If I am correct, the first panel alone defines a self-referential loop if not a differential Equation:

$X$: Amount of Black to fill text
$Y$: Amount of ink to fill borderline
$Z$: Amount of black ink in graph

The amount of the image which would be black at first appears to be then $X+Y+Z$, but $Z$ also seems something as if bounded by $Z=X+Y+C+(\mathrm{something})Z$, where $A+B$ is that amount of black ink conveniently rendered outside of the graph, $C$ is an arbitrary amount of black ink added to the shaded part of the graph, and $Z$ is, of course, the amount of black required to draw this!

See, when you are shading the amount of black ink in the graph in the first panel: you can add as much as you want, but it must be related to how much is in the comic alltogether!

Though there are infinite amount of ways the graph could be shaded correctly, there is an infinite amount of ways the graph could be shaded incorrectly (here come the irrational numbers.) I'd like to try to prove this, but I have actual homework :P.

The only way to resolve this is to explain how Z varies with itself!

This creates a self-referential loop.

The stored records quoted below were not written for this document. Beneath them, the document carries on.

(* For every $\varepsilon>0$ there is a connected graph $G$ such that \[ \frac{\operatorname{mdim}(G)}{\operatorname{cdim}(G)}\leq\varepsilon. \]
   Context: All graphs are finite, simple, undirected and nonempty. For distinct vertices $v,w$, $\kappa(v,w)$ is the maximum number of internally vertex-disjoint $v$–$w$ paths (an edge $vw$ counts as one such path); $\kappa(v,v)=\infty$. For an ordered vertex set $W=(w_1,\ldots,w_k)$, $r_G(v,W)=[\kappa(v,w_1),\ldots,\kappa(v,w_k)]$. $W$ is resolving if $r_G(v_1,W)=r_G(v_2,W)$ implies $v_1=v_2$. The connectivity dimension $\operatorname{cdim}(G)$ is the minimum cardinality of a resolving set. The metric dimension $\operatorname{mdim}(G)$ of a connected graph is the minimum cardinality of a set $W=(w_1,\dots,w_k)$ such that the vectors $[d(v,w_1),\ldots,d(v,w_k)]$ of graph distances are pairwise distinct over $v\in V(G)$. *)

theory Defs
  imports Main "HOL-Library.Extended_Nat"
begin

definition simple_graph :: "'a set \<Rightarrow> ('a \<Rightarrow> 'a \<Rightarrow> bool) \<Rightarrow> bool" where
  "simple_graph V E \<longleftrightarrow> finite V \<and> V \<noteq> {} \<and>
     (\<forall>x y. E x y \<longrightarrow> x \<in> V \<and> y \<in> V) \<and>
     (\<forall>x y. E x y \<longrightarrow> E y x) \<and> (\<forall>x. \<not> E x x)"

definition is_path :: "'a set \<Rightarrow> ('a \<Rightarrow> 'a \<Rightarrow> bool) \<Rightarrow> 'a list \<Rightarrow> bool" where
  "is_path V E p \<longleftrightarrow> p \<noteq> [] \<and> distinct p \<and> set p \<subseteq> V \<and>
     (\<forall>i. Suc i < length p \<longrightarrow> E (p ! i) (p ! Suc i))"

definition vw_path :: "'a set \<Rightarrow> ('a \<Rightarrow> 'a \<Rightarrow> bool) \<Rightarrow> 'a \<Rightarrow> 'a \<Rightarrow> 'a list \<Rightarrow> bool" where
  "vw_path V E v w p \<longleftrightarrow> is_path V E p \<and> hd p = v \<and> last p = w"

definition interior :: "'a list \<Rightarrow> 'a set" where
  "interior p = set (butlast (tl p))"

definition graph_connected :: "'a set \<Rightarrow> ('a \<Rightarrow> 'a \<Rightarrow> bool) \<Rightarrow> bool" where
  "graph_connected V E \<longleftrightarrow> (\<forall>v\<in>V. \<forall>w\<in>V. \<exists>p. vw_path V E v w p)"

text \<open>Local connectivity kappa(v,w): maximum number of internally vertex-disjoint
v-w paths (a set of paths, so the edge vw counts once); infinity for v = w.\<close>
definition kappa :: "'a set \<Rightarrow> ('a \<Rightarrow> 'a \<Rightarrow> bool) \<Rightarrow> 'a \<Rightarrow> 'a \<Rightarrow> enat" where
  "kappa V E v w = (if v = w then \<infinity> else
     (SUP P \<in> {P. finite P \<and> (\<forall>p\<in>P. vw_path V E v w p) \<and>
                 (\<forall>p\<in>P. \<forall>q\<in>P. p \<noteq> q \<longrightarrow> interior p \<inter> interior q = {})}.
        enat (card P)))"

definition gdist :: "'a set \<Rightarrow> ('a \<Rightarrow> 'a \<Rightarrow> bool) \<Rightarrow> 'a \<Rightarrow> 'a \<Rightarrow> nat" where
  "gdist V E v w = (LEAST n. \<exists>p. vw_path V E v w p \<and> length p = Suc n)"

definition resolving :: "'a set \<Rightarrow> ('a \<Rightarrow> 'a \<Rightarrow> 'b) \<Rightarrow> 'a set \<Rightarrow> bool" where
  "resolving V f W \<longleftrightarrow> W \<subseteq> V \<and>
     (\<forall>x\<in>V. \<forall>y\<in>V. (\<forall>w\<in>W. f x w = f y w) \<longrightarrow> x = y)"

definition cdim :: "'a set \<Rightarrow> ('a \<Rightarrow> 'a \<Rightarrow> bool) \<Rightarrow> nat" where
  "cdim V E = (LEAST k. \<exists>W. resolving V (kappa V E) W \<and> card W = k)"

definition mdim :: "'a set \<Rightarrow> ('a \<Rightarrow> 'a \<Rightarrow> bool) \<Rightarrow> nat" where
  "mdim V E = (LEAST k. \<exists>W. resolving V (gdist V E) W \<and> card W = k)"

end

theory Submission
  imports Defs
begin

(* In the path P_n any two vertices are joined by exactly one path, so the local
   connectivity of two distinct vertices is always 1. Two vertices outside a set W are
   then not told apart by W, hence every kappa-resolving set misses at most one vertex
   and cdim P_n \<ge> n - 1. Distances from an end vertex, on the other hand, are pairwise
   distinct, so mdim P_n \<le> 1 and the ratio is at most 1/(n - 1). *)

lemma is_path_Cons_Cons:
  "is_path V E (x # y # ys) \<longleftrightarrow>
     x \<in> V \<and> x \<notin> set (y # ys) \<and> E x y \<and> is_path V E (y # ys)"
  by (auto simp: is_path_def nth_Cons split: nat.splits)

lemma kappa_self [simp]: "kappa V E v v = \<infinity>"
  by (simp add: kappa_def)

lemma kappa_eq_1_if_unique_path:
  assumes "v \<noteq> w" and unique: "\<And>p. vw_path V E v w p \<longleftrightarrow> p = q"
  shows "kappa V E v w = 1"
proof -
  let ?S = "{P. finite P \<and> (\<forall>p\<in>P. vw_path V E v w p) \<and>
                 (\<forall>p\<in>P. \<forall>q\<in>P. p \<noteq> q \<longrightarrow> interior p \<inter> interior q = {})}"
  have "{q} \<in> ?S"
    using unique by auto
  moreover have "card P \<le> 1" if "P \<in> ?S" for P
  proof -
    have "P \<subseteq> {q}"
      using that unique by auto
    then show ?thesis
      using card_mono[of "{q}" P] by simp
  qed
  ultimately have "(SUP P \<in> ?S. enat (card P)) = 1"
    by (intro antisym SUP_least) (force simp: one_enat_def intro: SUP_upper2)+
  then show ?thesis
    using \<open>v \<noteq> w\<close> by (simp add: kappa_def)
qed

lemma gdist_eq_if_unique_path:
  assumes "\<And>p. vw_path V E v w p \<longleftrightarrow> p = q"
  shows "gdist V E v w = length q - 1"
proof -
  have "q \<noteq> []"
    using assms by (auto simp: vw_path_def is_path_def)
  then show ?thesis
    unfolding gdist_def assms by (intro Least_equality) auto
qed

lemma card_minus_one_le_cdim:
  assumes "finite V"
    and kappa_const: "\<And>v w. v \<in> V \<Longrightarrow> w \<in> V \<Longrightarrow> v \<noteq> w \<Longrightarrow> kappa V E v w = enat c"
  shows "card V - 1 \<le> cdim V E"
proof -
  have "resolving V (kappa V E) V"
    unfolding resolving_def
  proof (intro conjI ballI impI)
    fix x y assume "x \<in> V" "y \<in> V" and "\<forall>w\<in>V. kappa V E x w = kappa V E y w"
    then have "kappa V E y x = \<infinity>"
      using \<open>x \<in> V\<close> by (metis kappa_self)
    then show "x = y"
      using kappa_const[OF \<open>y \<in> V\<close> \<open>x \<in> V\<close>] by auto
  qed simp
  then have "\<exists>k W. resolving V (kappa V E) W \<and> card W = k"
    by blast
  then have "\<exists>W. resolving V (kappa V E) W \<and> card W = cdim V E"
    unfolding cdim_def by (rule LeastI_ex)
  then obtain W where W: "resolving V (kappa V E) W" "card W = cdim V E"
    by blast
  then have "W \<subseteq> V"
    unfolding resolving_def by blast
  have "card (V - W) \<le> 1"
  proof (rule card_le_Suc0_iff_eq[THEN iffD2, unfolded One_nat_def[symmetric]])
    show "finite (V - W)"
      using \<open>finite V\<close> by simp
    show "\<forall>x\<in>V - W. \<forall>y\<in>V - W. x = y"
    proof (intro ballI)
      fix x y assume "x \<in> V - W" "y \<in> V - W"
      then have "\<forall>w\<in>W. kappa V E x w = kappa V E y w"
        using \<open>W \<subseteq> V\<close> kappa_const by (metis DiffD1 DiffD2 subsetD)
      then show "x = y"
        using W(1) \<open>x \<in> V - W\<close> \<open>y \<in> V - W\<close> unfolding resolving_def by blast
    qed
  qed
  then show ?thesis
    using W(2) \<open>W \<subseteq> V\<close> \<open>finite V\<close> by (simp add: card_Diff_subset finite_subset)
qed

definition path_graph :: "nat \<Rightarrow> nat \<Rightarrow> nat \<Rightarrow> bool" where
  "path_graph n x y \<longleftrightarrow> x < n \<and> y < n \<and> (y = Suc x \<or> x = Suc y)"

definition straight_path :: "nat \<Rightarrow> nat \<Rightarrow> nat list" where
  "straight_path a b = (if a \<le> b then [a..<Suc b] else rev [b..<Suc a])"

lemma length_straight_path: "length (straight_path a b) = Suc (max a b - min a b)"
  by (simp add: straight_path_def)

lemma Cons_straight_path:
  assumes "y = Suc a \<or> a = Suc y" and "a \<notin> set (straight_path y b)"
  shows "a # straight_path y b = straight_path a b"
  using assms by (auto simp: straight_path_def upt_conv_Cons)

lemma vw_path_straight_path:
  assumes "a < n" "b < n"
  shows "vw_path {..<n} (path_graph n) a b (straight_path a b)"
  using assms
  by (auto simp: vw_path_def is_path_def straight_path_def path_graph_def
      hd_rev last_rev rev_nth nth_upt hd_upt last_upt simp del: upt_Suc)

lemma path_graph_vw_path_eq_straight_path:
  "vw_path V (path_graph n) a b p \<Longrightarrow> p = straight_path a b"
proof (induction p arbitrary: a)
  case Nil
  then show ?case
    by (simp add: vw_path_def is_path_def)
next
  case (Cons x p)
  then have "x = a"
    by (simp add: vw_path_def)
  show ?case
  proof (cases p)
    case Nil
    then show ?thesis
      using Cons.prems \<open>x = a\<close> by (simp add: vw_path_def straight_path_def)
  next
    case (Cons y ys)
    with Cons.prems \<open>x = a\<close>
    have "path_graph n a y" "a \<notin> set p" "vw_path V (path_graph n) y b p"
      by (auto simp: vw_path_def is_path_Cons_Cons)
    then have "p = straight_path y b" "y = Suc a \<or> a = Suc y"
      using Cons.IH by (blast, simp add: path_graph_def)
    then show ?thesis
      using \<open>a \<notin> set p\<close> \<open>x = a\<close> Cons_straight_path by auto
  qed
qed


lemma path_graph_vw_path_iff:
  assumes "a < n" "b < n"
  shows "vw_path {..<n} (path_graph n) a b p \<longleftrightarrow> p = straight_path a b"
  using assms path_graph_vw_path_eq_straight_path vw_path_straight_path by blast

lemma kappa_path_graph:
  "a < n \<Longrightarrow> b < n \<Longrightarrow> a \<noteq> b \<Longrightarrow> kappa {..<n} (path_graph n) a b = 1"
  by (rule kappa_eq_1_if_unique_path[OF _ path_graph_vw_path_iff])

lemma gdist_path_graph:
  "a < n \<Longrightarrow> b < n \<Longrightarrow> gdist {..<n} (path_graph n) a b = max a b - min a b"
  by (simp add: gdist_eq_if_unique_path[OF path_graph_vw_path_iff] length_straight_path)

lemma cdim_path_graph: "n - 1 \<le> cdim {..<n} (path_graph n)"
  using card_minus_one_le_cdim[of "{..<n}" "path_graph n" 1] kappa_path_graph
  by (simp add: one_enat_def)

lemma mdim_path_graph:
  assumes "0 < n"
  shows "mdim {..<n} (path_graph n) \<le> 1"
proof -
  have "resolving {..<n} (gdist {..<n} (path_graph n)) {0}"
    using assms by (simp add: resolving_def gdist_path_graph)
  then have "\<exists>W. resolving {..<n} (gdist {..<n} (path_graph n)) W \<and> card W = 1"
    by (intro exI[of _ "{0}"]) simp
  then show ?thesis
    unfolding mdim_def by (rule Least_le)
qed

lemma simple_graph_path_graph: "0 < n \<Longrightarrow> simple_graph {..<n} (path_graph n)"
  by (auto simp: simple_graph_def path_graph_def)

lemma graph_connected_path_graph: "graph_connected {..<n} (path_graph n)"
  unfolding graph_connected_def using vw_path_straight_path by blast

theorem mainTheorem8:
  fixes \<epsilon> :: real
  assumes "\<epsilon> > 0"
  shows "\<exists>(V :: nat set) E. simple_graph V E \<and> graph_connected V E \<and>
           cdim V E > 0 \<and> real (mdim V E) / real (cdim V E) \<le> \<epsilon>"
proof -
  obtain m :: nat where m: "1 / \<epsilon> < real m"
    using reals_Archimedean2 by blast
  define n where "n = m + 2"
  have cdim: "m + 1 \<le> cdim {..<n} (path_graph n)"
    using cdim_path_graph[of n] by (simp add: n_def)
  have "real (mdim {..<n} (path_graph n)) / real (cdim {..<n} (path_graph n))
        \<le> 1 / real (cdim {..<n} (path_graph n))"
    using mdim_path_graph[of n] by (simp add: n_def divide_right_mono)
  also have "\<dots> \<le> 1 / real (m + 1)"
    using cdim by (simp add: frac_le)
  also have "\<dots> \<le> \<epsilon>"
    using m \<open>\<epsilon> > 0\<close> by (simp add: field_simps)
  finally show ?thesis
    using simple_graph_path_graph[of n] graph_connected_path_graph[of n] cdim
    by (intro exI[of _ "{..<n}"] exI[of _ "path_graph n"]) (simp add: n_def)
qed

end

It thus smells like a differential equation but I can't find it! How do we resolve this? (Is it the same thing as the population equation:$$ \frac {dP}{dt} = kP \rightarrow P(t)=Ce^{kt}$$ where P (the dependent variable) is the amount of ink in the panel and $t$, the dependent variable, is the amount of ink in the Graph? (Yes, I shamelessly ripped the population equation from my textbook and tried to applied it here. This is a question, not a statement.) Is it true, then, that amount of black ink in the graph and/or panel overall is bound by this equation: $A+B+C+P(t)$?


Also, if $X$,$Y$,and $C$ are allowed to vary does this not engender a 4-dimensional graph?

(I told you this comic is gold.)


That is just the first panel taken alone! Now Let's take the THIRD panel into consideration!

This panel looks a like Xeno's paradox in 2d, or a similar pattern to the horn of Gabriel!

As a Tangent, let us describe Xeno's paradox as such (in one dimension): an arrow is fired, once it reaches the halfway point has halfway to go. Once it reaches halfway of that halfway is has halfway to go again. Thus, there are an infinite number of half-ways! Just to be concise, let me express my opinion of something that at least kinda sorta reaches for its resolution: $$\int_1^\infty \frac{1}{x^2}\,dx = 1. $$ (Note this could also be discussed in terms of a similar series solution, such as $\sum_{i=1}^{n} \frac{1}{2^n} = \frac{\pi^2}{6}$, but actually trying to and resolving xeno's paradox is going way beyond the scope of this question.)

But, the point of this is that an infinite pattern can lead to a finite result (such as the area under curve $1\over{X^2}$). Now, look at the leftmost panel closely:

Third Panel

If the third panel plots the location of Black ink in the image, as it says, it must plot itself in miniature. This miniature, in turn, must include a plot of the comic; in this EXTRA-miniature plot, there must also be a plot of the comic, an infinite number of times.

In other words, the third panel must plot itself and infinite number of times.

Can it be shown that like the the amount of ink needed for these plots will so fast that a thus that a finite amount of ink is needed to draw an infinite number of these "reflected" third panels?

Let us try to compute the amount of ink recquired to draw this infinite number of self-mirrors.

Amount of Ink $\bf \propto$ Surface area of square

We can assume this because the area covered by ink will be a fixed proportion of the squares area if the thickness of the the ink varies with the size of the square, which it obviously must or the image cannot be drawn!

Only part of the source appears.